> Exercise data
______

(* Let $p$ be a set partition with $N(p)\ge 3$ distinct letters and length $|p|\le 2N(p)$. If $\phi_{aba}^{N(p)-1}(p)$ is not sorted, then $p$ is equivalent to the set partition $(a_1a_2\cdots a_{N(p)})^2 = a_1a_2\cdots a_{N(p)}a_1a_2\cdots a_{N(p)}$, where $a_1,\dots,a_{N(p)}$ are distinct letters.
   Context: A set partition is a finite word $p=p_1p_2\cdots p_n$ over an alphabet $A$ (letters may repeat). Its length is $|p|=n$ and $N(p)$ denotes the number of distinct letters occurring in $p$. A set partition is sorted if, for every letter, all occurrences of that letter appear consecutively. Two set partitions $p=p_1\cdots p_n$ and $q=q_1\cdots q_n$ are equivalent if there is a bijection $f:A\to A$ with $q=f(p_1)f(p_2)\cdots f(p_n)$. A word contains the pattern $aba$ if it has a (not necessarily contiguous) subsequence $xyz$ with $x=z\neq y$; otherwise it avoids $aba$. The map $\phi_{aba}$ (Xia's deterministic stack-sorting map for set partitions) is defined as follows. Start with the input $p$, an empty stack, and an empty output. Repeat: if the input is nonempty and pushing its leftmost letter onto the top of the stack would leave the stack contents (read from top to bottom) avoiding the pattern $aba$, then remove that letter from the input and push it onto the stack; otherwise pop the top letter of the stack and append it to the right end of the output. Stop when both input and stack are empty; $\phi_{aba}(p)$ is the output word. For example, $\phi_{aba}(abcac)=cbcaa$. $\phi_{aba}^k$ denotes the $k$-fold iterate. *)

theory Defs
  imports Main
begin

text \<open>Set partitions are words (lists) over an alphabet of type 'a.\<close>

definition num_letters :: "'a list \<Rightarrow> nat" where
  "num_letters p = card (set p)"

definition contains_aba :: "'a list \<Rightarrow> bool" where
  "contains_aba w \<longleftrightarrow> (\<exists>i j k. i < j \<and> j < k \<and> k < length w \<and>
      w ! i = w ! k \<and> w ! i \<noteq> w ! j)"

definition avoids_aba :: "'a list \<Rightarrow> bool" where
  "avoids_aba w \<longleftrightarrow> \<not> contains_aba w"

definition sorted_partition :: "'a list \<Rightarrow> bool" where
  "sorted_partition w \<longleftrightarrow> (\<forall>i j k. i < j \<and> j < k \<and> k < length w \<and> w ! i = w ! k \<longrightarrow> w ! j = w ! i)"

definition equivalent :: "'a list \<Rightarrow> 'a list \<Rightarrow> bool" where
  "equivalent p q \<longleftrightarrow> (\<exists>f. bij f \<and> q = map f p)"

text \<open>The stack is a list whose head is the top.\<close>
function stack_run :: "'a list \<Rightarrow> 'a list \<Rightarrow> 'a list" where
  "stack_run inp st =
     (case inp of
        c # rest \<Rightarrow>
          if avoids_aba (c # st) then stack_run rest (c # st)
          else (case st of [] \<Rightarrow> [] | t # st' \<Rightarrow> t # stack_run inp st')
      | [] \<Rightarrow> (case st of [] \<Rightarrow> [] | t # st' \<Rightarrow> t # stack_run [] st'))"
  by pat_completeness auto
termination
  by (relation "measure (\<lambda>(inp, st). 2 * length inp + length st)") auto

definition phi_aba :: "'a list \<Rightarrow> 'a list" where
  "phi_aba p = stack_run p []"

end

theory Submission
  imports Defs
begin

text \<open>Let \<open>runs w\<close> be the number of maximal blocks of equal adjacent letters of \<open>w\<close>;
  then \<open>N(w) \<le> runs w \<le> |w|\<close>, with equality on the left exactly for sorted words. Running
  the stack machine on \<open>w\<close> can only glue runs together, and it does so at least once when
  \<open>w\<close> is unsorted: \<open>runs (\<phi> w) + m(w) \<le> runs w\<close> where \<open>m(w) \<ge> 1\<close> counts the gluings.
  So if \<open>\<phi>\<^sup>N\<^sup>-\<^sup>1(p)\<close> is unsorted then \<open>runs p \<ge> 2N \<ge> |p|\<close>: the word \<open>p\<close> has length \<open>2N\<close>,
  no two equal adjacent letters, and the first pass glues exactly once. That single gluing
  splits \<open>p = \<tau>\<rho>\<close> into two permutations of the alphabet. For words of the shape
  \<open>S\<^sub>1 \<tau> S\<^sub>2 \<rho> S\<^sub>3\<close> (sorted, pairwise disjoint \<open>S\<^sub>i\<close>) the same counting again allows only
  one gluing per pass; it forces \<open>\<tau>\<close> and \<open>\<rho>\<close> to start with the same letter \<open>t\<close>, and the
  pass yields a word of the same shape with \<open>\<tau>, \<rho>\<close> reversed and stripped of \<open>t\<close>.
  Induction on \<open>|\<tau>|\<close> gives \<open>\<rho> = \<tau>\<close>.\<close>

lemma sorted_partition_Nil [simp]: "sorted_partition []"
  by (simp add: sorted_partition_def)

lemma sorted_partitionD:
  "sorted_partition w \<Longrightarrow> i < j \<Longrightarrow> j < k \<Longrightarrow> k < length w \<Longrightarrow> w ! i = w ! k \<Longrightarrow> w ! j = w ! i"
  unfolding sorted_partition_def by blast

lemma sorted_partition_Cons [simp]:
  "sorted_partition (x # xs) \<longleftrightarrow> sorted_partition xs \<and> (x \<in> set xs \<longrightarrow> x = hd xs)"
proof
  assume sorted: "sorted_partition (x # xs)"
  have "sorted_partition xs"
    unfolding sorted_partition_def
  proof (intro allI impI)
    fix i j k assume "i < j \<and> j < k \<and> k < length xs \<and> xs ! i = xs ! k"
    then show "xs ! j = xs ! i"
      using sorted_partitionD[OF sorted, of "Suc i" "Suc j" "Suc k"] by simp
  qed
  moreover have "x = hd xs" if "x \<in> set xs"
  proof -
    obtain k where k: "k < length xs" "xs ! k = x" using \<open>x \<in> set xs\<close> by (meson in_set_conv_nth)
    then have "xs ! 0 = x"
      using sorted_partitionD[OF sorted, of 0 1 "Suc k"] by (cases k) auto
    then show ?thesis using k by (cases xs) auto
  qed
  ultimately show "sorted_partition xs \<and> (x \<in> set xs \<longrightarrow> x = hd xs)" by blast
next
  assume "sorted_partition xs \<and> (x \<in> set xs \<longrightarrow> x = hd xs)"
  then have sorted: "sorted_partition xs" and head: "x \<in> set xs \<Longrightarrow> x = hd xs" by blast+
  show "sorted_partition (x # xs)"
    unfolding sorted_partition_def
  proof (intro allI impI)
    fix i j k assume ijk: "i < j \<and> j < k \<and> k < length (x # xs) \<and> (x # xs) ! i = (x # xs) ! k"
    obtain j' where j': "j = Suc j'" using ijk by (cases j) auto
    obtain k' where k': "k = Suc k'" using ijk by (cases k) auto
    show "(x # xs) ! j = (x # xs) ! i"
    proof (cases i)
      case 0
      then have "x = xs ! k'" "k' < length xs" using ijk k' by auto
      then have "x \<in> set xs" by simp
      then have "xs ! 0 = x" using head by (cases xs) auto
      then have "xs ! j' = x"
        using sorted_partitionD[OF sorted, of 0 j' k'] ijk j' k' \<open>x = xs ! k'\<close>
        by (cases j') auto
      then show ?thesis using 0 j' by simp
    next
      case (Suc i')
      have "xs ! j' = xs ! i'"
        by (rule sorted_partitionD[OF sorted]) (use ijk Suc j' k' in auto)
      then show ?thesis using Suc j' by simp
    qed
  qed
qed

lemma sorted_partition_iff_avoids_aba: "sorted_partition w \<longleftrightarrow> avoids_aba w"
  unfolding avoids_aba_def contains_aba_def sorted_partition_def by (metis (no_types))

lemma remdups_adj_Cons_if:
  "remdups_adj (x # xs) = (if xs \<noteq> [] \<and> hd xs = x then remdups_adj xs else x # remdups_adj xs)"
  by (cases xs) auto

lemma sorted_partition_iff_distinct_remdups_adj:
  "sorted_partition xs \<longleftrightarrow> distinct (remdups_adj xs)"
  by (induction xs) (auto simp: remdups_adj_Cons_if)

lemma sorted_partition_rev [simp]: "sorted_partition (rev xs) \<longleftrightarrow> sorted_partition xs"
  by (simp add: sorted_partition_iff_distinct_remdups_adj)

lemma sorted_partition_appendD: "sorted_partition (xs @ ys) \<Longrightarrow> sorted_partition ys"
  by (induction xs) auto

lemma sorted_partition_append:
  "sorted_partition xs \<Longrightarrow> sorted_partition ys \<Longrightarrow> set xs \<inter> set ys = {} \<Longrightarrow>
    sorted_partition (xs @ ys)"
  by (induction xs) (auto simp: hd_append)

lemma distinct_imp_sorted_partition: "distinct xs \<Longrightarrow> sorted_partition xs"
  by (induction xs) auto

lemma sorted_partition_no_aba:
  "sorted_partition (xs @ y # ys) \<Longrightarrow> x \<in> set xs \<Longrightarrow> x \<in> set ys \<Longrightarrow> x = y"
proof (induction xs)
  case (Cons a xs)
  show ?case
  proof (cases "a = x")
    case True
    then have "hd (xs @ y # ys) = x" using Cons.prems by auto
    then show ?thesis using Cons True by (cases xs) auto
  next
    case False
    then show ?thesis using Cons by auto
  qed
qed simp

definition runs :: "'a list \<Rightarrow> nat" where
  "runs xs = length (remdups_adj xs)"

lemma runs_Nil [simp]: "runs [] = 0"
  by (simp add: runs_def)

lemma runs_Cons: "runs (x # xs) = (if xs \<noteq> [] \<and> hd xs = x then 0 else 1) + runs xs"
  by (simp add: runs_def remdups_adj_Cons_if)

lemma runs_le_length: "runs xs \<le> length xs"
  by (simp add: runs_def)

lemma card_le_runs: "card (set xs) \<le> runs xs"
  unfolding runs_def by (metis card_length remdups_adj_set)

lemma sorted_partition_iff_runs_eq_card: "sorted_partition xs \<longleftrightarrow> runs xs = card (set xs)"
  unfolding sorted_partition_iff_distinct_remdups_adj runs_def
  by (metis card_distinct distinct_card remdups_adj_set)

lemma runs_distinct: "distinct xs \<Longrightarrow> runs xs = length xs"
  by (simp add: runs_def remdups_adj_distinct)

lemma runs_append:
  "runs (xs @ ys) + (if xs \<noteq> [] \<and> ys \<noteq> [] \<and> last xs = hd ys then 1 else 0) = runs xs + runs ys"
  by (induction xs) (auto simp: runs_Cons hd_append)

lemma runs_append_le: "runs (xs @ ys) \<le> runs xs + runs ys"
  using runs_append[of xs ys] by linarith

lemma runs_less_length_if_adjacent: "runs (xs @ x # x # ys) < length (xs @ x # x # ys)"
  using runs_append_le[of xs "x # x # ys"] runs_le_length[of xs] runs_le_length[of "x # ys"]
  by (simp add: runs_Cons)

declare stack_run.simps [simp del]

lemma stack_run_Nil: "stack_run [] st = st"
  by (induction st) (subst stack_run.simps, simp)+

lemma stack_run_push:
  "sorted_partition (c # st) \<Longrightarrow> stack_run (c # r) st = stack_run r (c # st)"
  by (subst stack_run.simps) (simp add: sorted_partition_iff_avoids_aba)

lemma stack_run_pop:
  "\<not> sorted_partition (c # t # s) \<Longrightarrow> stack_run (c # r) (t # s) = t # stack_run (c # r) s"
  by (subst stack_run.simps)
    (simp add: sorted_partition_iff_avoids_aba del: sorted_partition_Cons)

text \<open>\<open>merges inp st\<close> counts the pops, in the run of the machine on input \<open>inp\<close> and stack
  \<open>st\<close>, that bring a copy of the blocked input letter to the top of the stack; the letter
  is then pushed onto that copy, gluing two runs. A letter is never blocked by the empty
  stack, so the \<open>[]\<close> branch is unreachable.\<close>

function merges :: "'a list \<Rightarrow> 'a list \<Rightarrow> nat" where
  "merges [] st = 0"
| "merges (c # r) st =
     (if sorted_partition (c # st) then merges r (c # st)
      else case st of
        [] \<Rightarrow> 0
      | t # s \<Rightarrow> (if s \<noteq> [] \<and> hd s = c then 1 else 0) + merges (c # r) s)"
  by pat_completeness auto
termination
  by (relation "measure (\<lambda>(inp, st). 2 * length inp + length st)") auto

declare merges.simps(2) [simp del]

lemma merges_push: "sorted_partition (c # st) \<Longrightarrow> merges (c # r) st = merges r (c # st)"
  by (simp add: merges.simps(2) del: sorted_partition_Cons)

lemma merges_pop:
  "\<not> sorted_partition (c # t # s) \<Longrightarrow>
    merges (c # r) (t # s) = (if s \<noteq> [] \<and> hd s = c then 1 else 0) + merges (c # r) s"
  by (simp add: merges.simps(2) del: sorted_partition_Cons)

______

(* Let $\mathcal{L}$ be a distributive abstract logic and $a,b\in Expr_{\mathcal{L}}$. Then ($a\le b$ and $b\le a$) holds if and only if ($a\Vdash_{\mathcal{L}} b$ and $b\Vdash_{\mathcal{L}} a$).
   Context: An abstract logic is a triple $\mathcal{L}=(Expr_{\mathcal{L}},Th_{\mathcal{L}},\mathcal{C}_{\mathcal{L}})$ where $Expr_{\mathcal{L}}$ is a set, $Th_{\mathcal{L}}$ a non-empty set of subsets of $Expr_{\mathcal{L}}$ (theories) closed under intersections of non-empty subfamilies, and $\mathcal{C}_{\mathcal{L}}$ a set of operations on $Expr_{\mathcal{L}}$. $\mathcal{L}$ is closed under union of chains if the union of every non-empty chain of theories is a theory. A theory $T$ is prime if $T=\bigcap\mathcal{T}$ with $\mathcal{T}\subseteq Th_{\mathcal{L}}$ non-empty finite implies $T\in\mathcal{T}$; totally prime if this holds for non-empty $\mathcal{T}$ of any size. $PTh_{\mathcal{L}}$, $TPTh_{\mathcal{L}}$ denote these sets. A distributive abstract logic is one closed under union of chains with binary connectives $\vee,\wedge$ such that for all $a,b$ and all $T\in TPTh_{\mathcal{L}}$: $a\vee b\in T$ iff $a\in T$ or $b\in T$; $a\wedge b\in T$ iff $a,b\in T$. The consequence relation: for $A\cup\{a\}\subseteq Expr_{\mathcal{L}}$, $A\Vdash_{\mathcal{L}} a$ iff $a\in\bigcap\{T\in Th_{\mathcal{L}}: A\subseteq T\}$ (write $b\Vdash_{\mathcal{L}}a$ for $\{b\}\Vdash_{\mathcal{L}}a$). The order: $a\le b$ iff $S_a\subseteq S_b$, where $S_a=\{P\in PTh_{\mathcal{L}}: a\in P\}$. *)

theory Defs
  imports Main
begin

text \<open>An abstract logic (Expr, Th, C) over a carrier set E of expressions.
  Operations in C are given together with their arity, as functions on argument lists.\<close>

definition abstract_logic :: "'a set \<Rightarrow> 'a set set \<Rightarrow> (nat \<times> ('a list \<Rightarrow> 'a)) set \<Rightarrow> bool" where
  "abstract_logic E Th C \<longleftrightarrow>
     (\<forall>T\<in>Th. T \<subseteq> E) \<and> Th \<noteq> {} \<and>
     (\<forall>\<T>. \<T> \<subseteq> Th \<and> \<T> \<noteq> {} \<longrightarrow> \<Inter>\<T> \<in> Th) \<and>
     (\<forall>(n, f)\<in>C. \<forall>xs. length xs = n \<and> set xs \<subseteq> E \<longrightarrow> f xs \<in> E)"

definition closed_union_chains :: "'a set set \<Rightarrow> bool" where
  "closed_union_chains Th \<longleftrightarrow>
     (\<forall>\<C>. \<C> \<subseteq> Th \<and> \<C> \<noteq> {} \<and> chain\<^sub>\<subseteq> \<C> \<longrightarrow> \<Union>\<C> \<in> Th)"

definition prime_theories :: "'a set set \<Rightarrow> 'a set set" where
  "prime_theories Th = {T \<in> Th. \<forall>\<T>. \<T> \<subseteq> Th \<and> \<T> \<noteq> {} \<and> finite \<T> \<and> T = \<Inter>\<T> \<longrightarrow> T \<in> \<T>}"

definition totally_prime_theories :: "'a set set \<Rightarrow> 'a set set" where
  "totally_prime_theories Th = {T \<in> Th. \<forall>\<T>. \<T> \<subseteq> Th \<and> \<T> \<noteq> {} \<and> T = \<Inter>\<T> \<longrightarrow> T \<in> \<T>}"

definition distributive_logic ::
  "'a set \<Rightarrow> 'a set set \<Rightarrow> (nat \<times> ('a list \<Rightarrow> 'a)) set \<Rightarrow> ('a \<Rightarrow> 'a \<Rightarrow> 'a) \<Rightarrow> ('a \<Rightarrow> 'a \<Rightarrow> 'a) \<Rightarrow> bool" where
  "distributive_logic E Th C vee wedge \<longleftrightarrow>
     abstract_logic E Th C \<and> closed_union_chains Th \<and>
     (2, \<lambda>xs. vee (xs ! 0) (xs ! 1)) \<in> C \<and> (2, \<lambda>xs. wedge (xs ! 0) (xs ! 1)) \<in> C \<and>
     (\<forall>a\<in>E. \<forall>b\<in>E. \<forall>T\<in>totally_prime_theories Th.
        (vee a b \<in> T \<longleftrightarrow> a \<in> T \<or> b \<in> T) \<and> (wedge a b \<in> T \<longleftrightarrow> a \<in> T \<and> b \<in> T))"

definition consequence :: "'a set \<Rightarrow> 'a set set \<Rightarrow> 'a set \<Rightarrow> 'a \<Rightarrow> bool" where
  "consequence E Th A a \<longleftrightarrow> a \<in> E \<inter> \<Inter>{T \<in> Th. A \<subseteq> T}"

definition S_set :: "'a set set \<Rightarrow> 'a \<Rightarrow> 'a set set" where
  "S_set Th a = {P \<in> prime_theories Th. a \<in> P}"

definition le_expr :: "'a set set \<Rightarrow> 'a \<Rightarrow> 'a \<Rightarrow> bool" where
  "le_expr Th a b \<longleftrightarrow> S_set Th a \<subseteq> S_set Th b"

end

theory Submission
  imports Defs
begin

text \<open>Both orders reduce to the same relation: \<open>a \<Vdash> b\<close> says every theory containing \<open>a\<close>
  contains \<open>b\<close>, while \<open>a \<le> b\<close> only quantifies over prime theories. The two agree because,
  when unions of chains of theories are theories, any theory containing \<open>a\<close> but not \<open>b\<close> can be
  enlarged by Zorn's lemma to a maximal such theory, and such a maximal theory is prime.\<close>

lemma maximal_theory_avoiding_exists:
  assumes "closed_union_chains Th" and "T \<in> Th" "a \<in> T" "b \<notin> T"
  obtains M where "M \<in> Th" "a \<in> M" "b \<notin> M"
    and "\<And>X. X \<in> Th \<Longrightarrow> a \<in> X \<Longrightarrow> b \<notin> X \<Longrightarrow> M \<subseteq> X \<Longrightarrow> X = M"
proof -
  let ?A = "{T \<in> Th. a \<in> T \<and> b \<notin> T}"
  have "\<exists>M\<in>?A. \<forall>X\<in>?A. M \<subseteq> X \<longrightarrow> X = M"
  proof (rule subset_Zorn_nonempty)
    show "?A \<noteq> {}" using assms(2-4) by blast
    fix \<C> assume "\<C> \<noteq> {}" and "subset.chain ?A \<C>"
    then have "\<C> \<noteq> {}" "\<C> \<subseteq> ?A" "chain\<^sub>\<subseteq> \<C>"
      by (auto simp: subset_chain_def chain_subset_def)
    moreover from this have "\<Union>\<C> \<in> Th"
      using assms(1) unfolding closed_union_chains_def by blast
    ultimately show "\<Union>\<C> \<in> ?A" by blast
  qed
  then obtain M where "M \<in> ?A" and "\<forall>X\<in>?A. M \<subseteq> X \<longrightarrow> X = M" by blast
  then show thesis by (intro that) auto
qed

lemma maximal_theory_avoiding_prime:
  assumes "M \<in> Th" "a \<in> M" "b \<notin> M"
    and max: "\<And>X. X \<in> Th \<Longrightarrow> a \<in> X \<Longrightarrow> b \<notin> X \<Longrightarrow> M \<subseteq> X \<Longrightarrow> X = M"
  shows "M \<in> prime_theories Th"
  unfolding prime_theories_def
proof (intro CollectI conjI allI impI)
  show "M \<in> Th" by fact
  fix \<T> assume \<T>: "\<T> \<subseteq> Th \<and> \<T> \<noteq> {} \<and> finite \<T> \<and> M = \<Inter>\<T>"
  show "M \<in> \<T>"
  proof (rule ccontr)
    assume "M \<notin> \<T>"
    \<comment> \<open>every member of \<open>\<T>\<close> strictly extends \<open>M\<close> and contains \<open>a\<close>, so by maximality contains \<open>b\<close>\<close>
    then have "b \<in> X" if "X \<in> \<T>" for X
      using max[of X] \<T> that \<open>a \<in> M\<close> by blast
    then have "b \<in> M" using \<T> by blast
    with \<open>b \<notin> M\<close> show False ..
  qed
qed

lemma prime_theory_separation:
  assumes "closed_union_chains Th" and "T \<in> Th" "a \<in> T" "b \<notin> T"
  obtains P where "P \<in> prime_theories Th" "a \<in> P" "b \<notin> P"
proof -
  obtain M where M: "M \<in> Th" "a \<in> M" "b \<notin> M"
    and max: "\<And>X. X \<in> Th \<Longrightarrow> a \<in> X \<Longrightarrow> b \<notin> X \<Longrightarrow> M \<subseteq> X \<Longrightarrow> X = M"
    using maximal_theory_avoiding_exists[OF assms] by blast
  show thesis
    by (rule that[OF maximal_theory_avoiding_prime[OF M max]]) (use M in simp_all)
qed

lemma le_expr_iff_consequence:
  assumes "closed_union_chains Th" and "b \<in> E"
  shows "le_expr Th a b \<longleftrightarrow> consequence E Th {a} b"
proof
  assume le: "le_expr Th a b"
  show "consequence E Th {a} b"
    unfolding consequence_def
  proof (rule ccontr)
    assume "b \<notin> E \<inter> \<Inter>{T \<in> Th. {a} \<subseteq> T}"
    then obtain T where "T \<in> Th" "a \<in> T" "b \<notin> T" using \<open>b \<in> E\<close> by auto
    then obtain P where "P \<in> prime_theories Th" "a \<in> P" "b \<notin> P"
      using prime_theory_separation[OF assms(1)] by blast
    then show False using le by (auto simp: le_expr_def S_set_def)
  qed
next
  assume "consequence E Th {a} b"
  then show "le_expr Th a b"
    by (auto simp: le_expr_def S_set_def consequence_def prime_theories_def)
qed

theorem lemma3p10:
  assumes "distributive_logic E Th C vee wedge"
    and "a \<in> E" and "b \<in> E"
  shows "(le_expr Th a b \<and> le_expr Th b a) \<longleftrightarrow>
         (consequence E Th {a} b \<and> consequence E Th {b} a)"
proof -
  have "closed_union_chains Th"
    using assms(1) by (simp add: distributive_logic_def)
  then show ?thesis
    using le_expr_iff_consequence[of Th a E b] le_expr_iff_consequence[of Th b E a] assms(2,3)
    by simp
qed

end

______

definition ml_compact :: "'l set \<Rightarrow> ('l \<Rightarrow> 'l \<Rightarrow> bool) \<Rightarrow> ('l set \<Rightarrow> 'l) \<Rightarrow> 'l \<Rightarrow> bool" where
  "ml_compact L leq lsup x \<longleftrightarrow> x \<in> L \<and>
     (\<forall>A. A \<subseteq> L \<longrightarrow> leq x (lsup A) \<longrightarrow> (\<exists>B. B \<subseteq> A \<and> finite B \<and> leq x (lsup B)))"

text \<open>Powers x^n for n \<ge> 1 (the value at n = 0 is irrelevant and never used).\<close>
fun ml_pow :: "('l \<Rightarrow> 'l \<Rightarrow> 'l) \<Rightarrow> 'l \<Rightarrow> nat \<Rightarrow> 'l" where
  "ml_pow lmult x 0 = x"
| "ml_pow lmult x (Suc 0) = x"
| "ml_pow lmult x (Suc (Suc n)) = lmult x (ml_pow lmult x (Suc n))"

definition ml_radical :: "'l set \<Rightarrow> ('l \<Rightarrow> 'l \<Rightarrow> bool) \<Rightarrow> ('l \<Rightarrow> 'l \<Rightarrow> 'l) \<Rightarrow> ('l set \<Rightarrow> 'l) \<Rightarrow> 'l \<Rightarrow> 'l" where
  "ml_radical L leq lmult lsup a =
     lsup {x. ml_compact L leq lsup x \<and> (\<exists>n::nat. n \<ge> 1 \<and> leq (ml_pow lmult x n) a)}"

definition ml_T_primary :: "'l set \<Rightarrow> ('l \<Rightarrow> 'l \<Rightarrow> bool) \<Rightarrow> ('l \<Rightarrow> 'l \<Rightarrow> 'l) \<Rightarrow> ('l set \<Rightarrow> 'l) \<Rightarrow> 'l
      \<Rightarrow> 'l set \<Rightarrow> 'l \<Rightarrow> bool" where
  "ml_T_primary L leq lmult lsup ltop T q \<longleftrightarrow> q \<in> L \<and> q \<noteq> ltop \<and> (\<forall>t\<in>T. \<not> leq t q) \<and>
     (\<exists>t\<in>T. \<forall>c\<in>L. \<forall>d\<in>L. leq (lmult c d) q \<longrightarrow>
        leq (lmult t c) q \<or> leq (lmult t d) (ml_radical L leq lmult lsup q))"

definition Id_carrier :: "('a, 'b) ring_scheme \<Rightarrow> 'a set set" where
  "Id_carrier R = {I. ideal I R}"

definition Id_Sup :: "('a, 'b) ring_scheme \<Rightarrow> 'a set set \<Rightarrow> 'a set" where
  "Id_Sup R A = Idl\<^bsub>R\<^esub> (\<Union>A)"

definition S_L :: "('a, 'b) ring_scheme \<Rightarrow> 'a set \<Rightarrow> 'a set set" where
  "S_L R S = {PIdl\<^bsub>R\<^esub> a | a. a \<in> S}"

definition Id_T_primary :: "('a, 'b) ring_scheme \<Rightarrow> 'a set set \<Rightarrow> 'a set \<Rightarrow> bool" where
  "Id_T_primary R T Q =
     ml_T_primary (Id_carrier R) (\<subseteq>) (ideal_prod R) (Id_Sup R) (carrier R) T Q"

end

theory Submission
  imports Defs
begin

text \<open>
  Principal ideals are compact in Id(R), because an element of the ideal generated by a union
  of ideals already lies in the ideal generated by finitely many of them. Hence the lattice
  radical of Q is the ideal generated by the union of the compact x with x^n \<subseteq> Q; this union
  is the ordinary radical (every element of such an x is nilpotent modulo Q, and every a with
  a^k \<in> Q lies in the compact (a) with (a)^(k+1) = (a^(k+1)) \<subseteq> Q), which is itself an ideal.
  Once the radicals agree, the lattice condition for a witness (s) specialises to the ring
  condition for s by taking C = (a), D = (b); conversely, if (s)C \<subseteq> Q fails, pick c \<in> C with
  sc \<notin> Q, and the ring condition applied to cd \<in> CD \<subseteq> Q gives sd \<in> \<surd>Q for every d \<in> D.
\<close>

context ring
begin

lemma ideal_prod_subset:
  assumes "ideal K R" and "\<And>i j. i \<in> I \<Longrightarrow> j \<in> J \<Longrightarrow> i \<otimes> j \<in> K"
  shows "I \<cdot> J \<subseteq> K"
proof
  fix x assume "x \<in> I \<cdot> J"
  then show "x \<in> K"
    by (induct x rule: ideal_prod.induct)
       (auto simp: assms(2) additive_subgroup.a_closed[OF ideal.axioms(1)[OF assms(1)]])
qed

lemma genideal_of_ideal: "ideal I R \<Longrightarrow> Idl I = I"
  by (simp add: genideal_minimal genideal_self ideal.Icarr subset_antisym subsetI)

______

Across the entries above, count the lines with the word "declare" and report that count by itself.

> Expected output
2